If you must remove the tank or it needs to be replaced then the whole exterior shrouding needs to be removed to expose the fuel tank.


----------



## Baldy Larry (Feb 19, 2021)

Not sure if you solved your fuel tank issue with the rust. I was given a Honda EU3000Is generator by my neighbor who was moving to a town house where she could not use use it. She bought the generator and used it only for about 4 hours and then the power came back on. She stored it in her garage for about 4 years with a full tank of gas in it. When I brought the generator back to my house I opened the gas cap and was almost knocked over by the smell. The inside of the gas cap was rusted and the tank rusted beyond belief. I decided to bite the bullet and purchase another tank to replace the rusted one. Once I received the new tank I started to take apart the generator. Front and back Black panels needed to be removed along with the front and back handles. Next the left and right side panels need to be removed. Then the back muffler assembly has to come off. The muffler heat shield is next since you cannot slide the tank out unless this is removed. Now you can take out the four bolts that holds the tank to the upper frame rails. Use must take off the petcock on the bottom of the tank for the fuel shutoff before you can slide the tank out. Finally the two top rails must be removed to be able to slide the tank out. For the most part you will need a 10mm wrench and 10mm socket to remove the many bolts. I would also be helpful to take pictures so can reference when putting things back together. It may sound simple but you have to take more than half of the generator apart to change the tank. Also when you order a new tank you will need to keep the 4 rubber grommets that are from the old tank since the new tank does not come with them. These are the 4 grommets the tank mounting bolts go thru to secure the tank to the frame. These need to be pressed out of the old tank and pressed into the new tank. Good Luck.


----------



## Old man here (Nov 5, 2020)

Baldy Larry said:


> Not sure if you solved your fuel tank issue with the rust. I was given a Honda EU3000Is generator by my neighbor who was moving to a town house where she could not use use it. She bought the generator and used it only for about 4 hours and then the power came back on. She stored it in her garage for about 4 years with a full tank of gas in it. When I brought the generator back to my house I opened the gas cap and was almost knocked over by the smell.
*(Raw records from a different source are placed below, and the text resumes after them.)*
(* Let $n>3$ and let $(\mathcal{P},\cdot,\{-,-\})$ be an $n$-dimensional complex Poisson algebra such that $(\mathcal{P},\cdot)$ is filiform. Then $(\mathcal{P},\cdot,\{-,-\})$ is isomorphic to one of the following algebras with basis $e_1,\dots,e_n$, where in each case $e_i\cdot e_j=e_{i+j}$ for $2\le i+j\le n-1$, the listed products are the only further nonzero ones (up to commutativity of $\cdot$ and anticommutativity of $\{-,-\}$): $\mathcal{P}_{1,1}^n$: no further products; $\mathcal{P}_{1,2}^n$: $\{e_1,e_n\}=e_n$; $\mathcal{P}_{1,3}^n$: $\{e_1,e_n\}=e_{n-1}$; $\mathcal{P}_{1,4}^n$: $e_n\cdot e_n=e_{n-1}$; $\mathcal{P}_{1,5}^n$: $e_n\cdot e_n=e_{n-1}$, $\{e_1,e_n\}=e_{n-1}$.
   Context: A Poisson algebra is a vector space with a commutative associative product $\cdot$ and a Lie bracket $\{-,-\}$ satisfying $\{x\cdot y,z\}=\{x,z\}\cdot y+x\cdot\{y,z\}$. An $n$-dimensional algebra $\mathcal{P}$ is filiform if $\dim\mathcal{P}^i=n-i$ for $2\le i\le n$, where $\mathcal{P}^1=\mathcal{P}$ and $\mathcal{P}^{k+1}=\mathcal{P}^k\cdot\mathcal{P}$. *)

theory Defs
  imports Complex_Main "HOL-Library.Function_Algebras"
begin

(* An algebra over C is given by a type 'v with a C-scalar multiplication sc
   (a vector space structure), a product m and a bracket b. *)

definition bilinear_op :: "(complex \<Rightarrow> 'v::ab_group_add \<Rightarrow> 'v) \<Rightarrow> ('v \<Rightarrow> 'v \<Rightarrow> 'v) \<Rightarrow> bool" where
  "bilinear_op sc p \<longleftrightarrow>
     (\<forall>x. Vector_Spaces.linear sc sc (p x)) \<and> (\<forall>y. Vector_Spaces.linear sc sc (\<lambda>x. p x y))"

definition poisson_algebra ::
  "(complex \<Rightarrow> 'v::ab_group_add \<Rightarrow> 'v) \<Rightarrow> ('v \<Rightarrow> 'v \<Rightarrow> 'v) \<Rightarrow> ('v \<Rightarrow> 'v \<Rightarrow> 'v) \<Rightarrow> bool" where
  "poisson_algebra sc m b \<longleftrightarrow>
     vector_space sc \<and> bilinear_op sc m \<and> bilinear_op sc b \<and>
     (\<forall>x y. m x y = m y x) \<and>
     (\<forall>x y z. m (m x y) z = m x (m y z)) \<and>
     (\<forall>x. b x x = 0) \<and>
     (\<forall>x y z. b x (b y z) + b y (b z x) + b z (b x y) = 0) \<and>
     (\<forall>x y z. b (m x y) z = m (b x z) y + m x (b y z))"

definition n_dimensional :: "(complex \<Rightarrow> 'v::ab_group_add \<Rightarrow> 'v) \<Rightarrow> nat \<Rightarrow> bool" where
  "n_dimensional sc n \<longleftrightarrow>
     (\<exists>B. finite B \<and> \<not> module.dependent sc B \<and> module.span sc B = UNIV \<and> card B = n)"

fun alg_pow :: "(complex \<Rightarrow> 'v::ab_group_add \<Rightarrow> 'v) \<Rightarrow> ('v \<Rightarrow> 'v \<Rightarrow> 'v) \<Rightarrow> nat \<Rightarrow> 'v set" where
  "alg_pow sc m 0 = UNIV"
| "alg_pow sc m (Suc 0) = UNIV"
| "alg_pow sc m (Suc (Suc k)) =
     module.span sc {m x y | x y. x \<in> alg_pow sc m (Suc k)}"

definition filiform :: "(complex \<Rightarrow> 'v::ab_group_add \<Rightarrow> 'v) \<Rightarrow> ('v \<Rightarrow> 'v \<Rightarrow> 'v) \<Rightarrow> nat \<Rightarrow> bool" where
  "filiform sc m n \<longleftrightarrow>
     (\<forall>i\<in>{2..n}. vector_space.dim sc (alg_pow sc m i) = n - i)"

(* Model algebras P_{1,k}^n on the coordinate space of functions nat => complex
   supported in {1..n}; e i is the i-th standard basis vector. *)

definition cscale :: "complex \<Rightarrow> (nat \<Rightarrow> complex) \<Rightarrow> (nat \<Rightarrow> complex)" where
  "cscale a c = (\<lambda>l. a * c l)"

definition coord_space :: "nat \<Rightarrow> (nat \<Rightarrow> complex) set" where
  "coord_space n = {c. \<forall>l. l \<notin> {1..n} \<longrightarrow> c l = 0}"

definition ebas :: "nat \<Rightarrow> (nat \<Rightarrow> complex)" where
  "ebas i = (\<lambda>l. if l = i then 1 else 0)"

definition mult_tab :: "nat \<Rightarrow> nat \<Rightarrow> nat \<Rightarrow> nat \<Rightarrow> (nat \<Rightarrow> complex)" where
  "mult_tab n k i j =
     (if 2 \<le> i + j \<and> i + j \<le> n - 1 then ebas (i + j) else 0)
     + (if k \<in> {4, 5} \<and> i = n \<and> j = n then ebas (n - 1) else 0)"

definition brack_tab :: "nat \<Rightarrow> nat \<Rightarrow> nat \<Rightarrow> nat \<Rightarrow> (nat \<Rightarrow> complex)" where
  "brack_tab n k i j =
     (if k = 2 then
        (if i = 1 \<and> j = n then ebas n else if i = n \<and> j = 1 then - ebas n else 0)
      else if k \<in> {3, 5} then
        (if i = 1 \<and> j = n then ebas (n - 1) else if i = n \<and> j = 1 then - ebas (n - 1) else 0)
      else 0)"

definition extend_tab :: "nat \<Rightarrow> (nat \<Rightarrow> nat \<Rightarrow> (nat \<Rightarrow> complex))
    \<Rightarrow> (nat \<Rightarrow> complex) \<Rightarrow> (nat \<Rightarrow> complex) \<Rightarrow> (nat \<Rightarrow> complex)" where
  "extend_tab n T c d = (\<Sum>i\<in>{1..n}. \<Sum>j\<in>{1..n}. cscale (c i * d j) (T i j))"

definition model_mult :: "nat \<Rightarrow> nat \<Rightarrow> (nat \<Rightarrow> complex) \<Rightarrow> (nat \<Rightarrow> complex) \<Rightarrow> (nat \<Rightarrow> complex)" where
  "model_mult n k = extend_tab n (mult_tab n k)"

definition model_brack :: "nat \<Rightarrow> nat \<Rightarrow> (nat \<Rightarrow> complex) \<Rightarrow> (nat \<Rightarrow> complex) \<Rightarrow> (nat \<Rightarrow> complex)" where
  "model_brack n k = extend_tab n (brack_tab n k)"

definition iso_to_model ::
  "(complex \<Rightarrow> 'v::ab_group_add \<Rightarrow> 'v) \<Rightarrow> ('v \<Rightarrow> 'v \<Rightarrow> 'v) \<Rightarrow> ('v \<Rightarrow> 'v \<Rightarrow> 'v)
    \<Rightarrow> nat \<Rightarrow> nat \<Rightarrow> ('v \<Rightarrow> (nat \<Rightarrow> complex)) \<Rightarrow> bool" where
  "iso_to_model sc m b n k f \<longleftrightarrow>
     Vector_Spaces.linear sc cscale f \<and> bij_betw f UNIV (coord_space n) \<and>
     (\<forall>x y. f (m x y) = model_mult n k (f x) (f y)) \<and>
     (\<forall>x y. f (b x y) = model_brack n k (f x) (f y))"

end

theory Submission
  imports Defs "HOL-Computational_Algebra.Fundamental_Theorem_Algebra"
begin

(* Polarization gives an x whose square is not in P^3. Each quotient P^k/P^(k+1), 2 <= k < n, is
   a line, and an induction on k shows that x^k is not in P^(k+1); hence P^k is spanned by
   x^k, ..., x^(n-1), these powers are independent, and the annihilator of x inside span(x, P^2)
   is the line through x^(n-1). As x P = P^2, a vector y completing x, ..., x^(n-1) to a basis can
   be chosen with x y = 0. Then y y = beta x^(n-1) and {x, y} = a y + c x^(n-1); the Leibniz rule
   gives a beta = 0, {x^i, y} = 0 for i >= 2 and {x^i, x^j} = 0. Rescaling x and y brings
   (a, c, beta) to one of five normal forms, and x, ..., x^(n-1), y is then a basis realizing the
   model algebra. *)

section \<open>Coordinates with respect to a basis\<close>

lemma sum_fun_apply: "(\<Sum>i\<in>A. F i) l = (\<Sum>i\<in>A. F i l)"
  by (induct A rule: infinite_finite_induct) auto

lemma vector_space_cscale: "vector_space cscale"
  by unfold_locales (auto simp: cscale_def fun_eq_iff algebra_simps)

lemma extend_tab_in_coord_space:
  assumes "\<And>i j. T i j \<in> coord_space n"
  shows "extend_tab n T c d \<in> coord_space n"
  using assms by (simp add: coord_space_def extend_tab_def sum_fun_apply cscale_def)

lemma mult_tab_in_coord_space: "2 \<le> n \<Longrightarrow> mult_tab n k i j \<in> coord_space n"
  unfolding coord_space_def mult_tab_def ebas_def by auto

lemma brack_tab_in_coord_space: "2 \<le> n \<Longrightarrow> brack_tab n k i j \<in> coord_space n"
  unfolding coord_space_def brack_tab_def ebas_def by auto

(* For a basis u, the inverse of basis_comb on coord_space is the coordinate map that becomes the
   isomorphism onto a model algebra. *)
definition basis_comb ::
    "(complex \<Rightarrow> 'v::ab_group_add \<Rightarrow> 'v) \<Rightarrow> nat \<Rightarrow> (nat \<Rightarrow> 'v) \<Rightarrow> (nat \<Rightarrow> complex) \<Rightarrow> 'v"
  where "basis_comb sc n u c = (\<Sum>i\<in>{1..n}. sc (c i) (u i))"

locale complex_vector_space = vector_space scale
  for scale :: "complex \<Rightarrow> 'v::ab_group_add \<Rightarrow> 'v" (infixr \<open>*s\<close> 75)
begin

lemma span_insert_span: "span (insert a (span S)) = span (insert a S)"
  by (simp only: span_insert span_span)

lemma module_hom_bilinear_op:
  assumes "bilinear_op scale F"
  shows module_hom_bilinear_op_right: "module_hom scale scale (F x)"
    and module_hom_bilinear_op_left: "module_hom scale scale (\<lambda>y. F y x)"
  using assms unfolding bilinear_op_def module_hom_iff_linear by blast+

lemma bilinear_op_simps:
  assumes "bilinear_op scale F"
  shows "F 0 y = 0" "F x 0 = 0"
    and "F (x + x') y = F x y + F x' y" "F x (y + y') = F x y + F x y'"
    and "F (x - x') y = F x y - F x' y" "F x (y - y') = F x y - F x y'"
    and "F (- x) y = - F x y" "F x (- y) = - F x y"
    and "F (c *s x) y = c *s F x y" "F x (c *s y) = c *s F x y"
proof -
  note left = module_hom_bilinear_op_left[OF assms]
    and right = module_hom_bilinear_op_right[OF assms]
  show "F 0 y = 0" "F (x + x') y = F x y + F x' y" "F (x - x') y = F x y - F x' y"
    "F (- x) y = - F x y" "F (c *s x) y = c *s F x y"
    using module_hom.zero[OF left] module_hom.add[OF left] module_hom.diff[OF left]
      module_hom.neg[OF left] module_hom.scale[OF left] by simp_all
  show "F x 0 = 0" "F x (y + y') = F x y + F x y'" "F x (y - y') = F x y - F x y'"
    "F x (- y) = - F x y" "F x (c *s y) = c *s F x y"
    using module_hom.zero[OF right] module_hom.add[OF right] module_hom.diff[OF right]
      module_hom.neg[OF right] module_hom.scale[OF right] by simp_all
qed

lemma bilinear_op_sum_scale:
  assumes "bilinear_op scale F"
  shows "F (\<Sum>i\<in>I. a i *s v i) (\<Sum>j\<in>J. c j *s w j)
    = (\<Sum>i\<in>I. \<Sum>j\<in>J. (a i * c j) *s F (v i) (w j))"
proof -
  note left = module_hom_bilinear_op_left[OF assms]
    and right = module_hom_bilinear_op_right[OF assms]
  have "F (\<Sum>i\<in>I. a i *s v i) y = (\<Sum>i\<in>I. a i *s F (v i) y)" for y
    by (simp add: module_hom.sum[OF left] module_hom.scale[OF left])
  moreover have "F x (\<Sum>j\<in>J. c j *s w j) = (\<Sum>j\<in>J. c j *s F x (w j))" for x
    by (simp add: module_hom.sum[OF right] module_hom.scale[OF right])
  ultimately show ?thesis
    by (simp add: scale_sum_right sum.swap[of _ J I] mult.commute)
qed

lemma module_hom_basis_comb: "module_hom cscale scale (basis_comb scale n u)"
  unfolding module_hom_iff_linear Vector_Spaces.linear_iff
  using vector_space_cscale vector_space_axioms
  by (simp add: basis_comb_def cscale_def scale_left_distrib sum.distrib scale_sum_right)

lemma basis_comb_ebas:
  assumes "l \<in> {1..n}"
  shows "basis_comb scale n u (ebas l) = u l"
proof -
  have "ebas l i *s u i = (if i = l then u i else 0)" for i
    by (simp add: ebas_def)
  then show ?thesis
    using assms by (simp add: basis_comb_def)
qed

lemma bij_betw_basis_comb:
  assumes inj: "inj_on u {1..n}" and indep: "independent (u ` {1..n})"
    and spanning: "span (u ` {1..n}) = UNIV"
  shows "bij_betw (basis_comb scale n u) (coord_space n) UNIV"
proof (rule bij_betw_imageI)
  have reindex: "(\<Sum>v\<in>u ` {1..n}. h v *s v) = (\<Sum>i\<in>{1..n}. h (u i) *s u i)" for h
    using sum.reindex[OF inj] by simp
  have kernel: "c = 0" if c: "c \<in> coord_space n" and c0: "basis_comb scale n u c = 0" for c
  proof
    fix l
    define h where "h = c \<circ> the_inv_into {1..n} u"
    have "(\<Sum>v\<in>u ` {1..n}. h v *s v) = 0"
      unfolding reindex c0[symmetric] basis_comb_def h_def using inj by (simp add: the_inv_into_f_f)
    then have "h (u l) = 0" if "l \<in> {1..n}"
      using independentD[OF indep, of "u ` {1..n}" h] that by simp
    then show "c l = 0 l"
      using c inj by (cases "l \<in> {1..n}") (auto simp: h_def the_inv_into_f_f coord_space_def)
  qed
  show "inj_on (basis_comb scale n u) (coord_space n)"
  proof (rule inj_onI)
    fix c d assume "c \<in> coord_space n" "d \<in> coord_space n"
      and "basis_comb scale n u c = basis_comb scale n u d"
    then show "c = d"
      using kernel[of "c - d"] module_hom.diff[OF module_hom_basis_comb]
      by (simp add: coord_space_def)
  qed
  show "basis_comb scale n u ` coord_space n = UNIV"
  proof (intro set_eqI iffI)
    fix v :: 'v
    obtain h where "v = (\<Sum>w\<in>u ` {1..n}. h w *s w)"
      using spanning span_finite[of "u ` {1..n}"] by auto
    then have "v = basis_comb scale n u (\<lambda>i. if i \<in> {1..n} then h (u i) else 0)"
      unfolding reindex basis_comb_def by simp
    moreover have "(\<lambda>i. if i \<in> {1..n} then h (u i) else 0) \<in> coord_space n"
      by (simp add: coord_space_def)
    ultimately show "v \<in> basis_comb scale n u ` coord_space n"
      by blast
  qed simp
qed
The inside of the gas cap was rusted and the tank rusted beyond belief. I decided to bite the bullet and purchase another tank to replace the rusted one. Once I received the new tank I started to take apart the generator. Front and back Black panels needed to be removed along with the front and back handles. Next the left and right side panels need to be removed. Then the back muffler assembly has to come off. The muffler heat shield is next since you cannot slide the tank out unless this is removed. Now you can take out the four bolts that holds the tank to the upper frame rails. Use must take off the petcock on the bottom of the tank for the fuel shutoff before you can slide the tank out. Finally the two top rails must be removed to be able to slide the tank out. For the most part you will need a 10mm wrench and 10mm socket to remove the many bolts. I would also be helpful to take pictures so can reference when putting things back together. It may sound simple but you have to take more than half of the generator apart to change the tank. Also when you order a new tank you will need to keep the 4 rubber grommets that are from the old tank since the new tank does not come with them. These are the 4 grommets the tank mounting bolts go thru to secure the tank to the frame. These need to be pressed out of the old tank and pressed into the new tank. Good Luck.


----------



## KajunATVer (Sep 22, 2020)

Baldy Larry said:


> Not sure if you solved your fuel tank issue with the rust. I was given a Honda EU3000Is generator by my neighbor who was moving to a town house where she could not use use it. She bought the generator and used it only for about 4 hours and then the power came back on. She stored it in her garage for about 4 years with a full tank of gas in it. When I brought the generator back to my house I opened the gas cap and was almost knocked over by the smell. The inside of the gas cap was rusted and the tank rusted beyond belief. I decided to bite the bullet and purchase another tank to replace the rusted one. Once I received the new tank I started to take apart the generator. Front and back Black panels needed to be removed along with the front and back handles. Next the left and right side panels need to be removed. Then the back muffler assembly has to come off. The muffler heat shield is next since you cannot slide the tank out unless this is removed. Now you can take out the four bolts that holds the tank to the upper frame rails. Use must take off the petcock on the bottom of the tank for the fuel shutoff before you can slide the tank out. Finally the two top rails must be removed to be able to slide the tank out. For the most part you will need a 10mm wrench and 10mm socket to remove the many bolts. I would also be helpful to take pictures so can reference when putting things back together. It may sound simple but you have to take more than half of the generator apart to change the tank. Also when you order a new tank you will need to keep the 4 rubber grommets that are from the old tank since the new tank does not come with them. These are the 4 grommets the tank mounting bolts go thru to secure the tank to the frame. These need to be pressed out of the old tank and pressed into the new tank. Good Luck.


I got the tank relatively rust free with some rust dissolver stuff i got from the auto parts store. It also needs a new petcock but I haven’t gotten one yet.


----------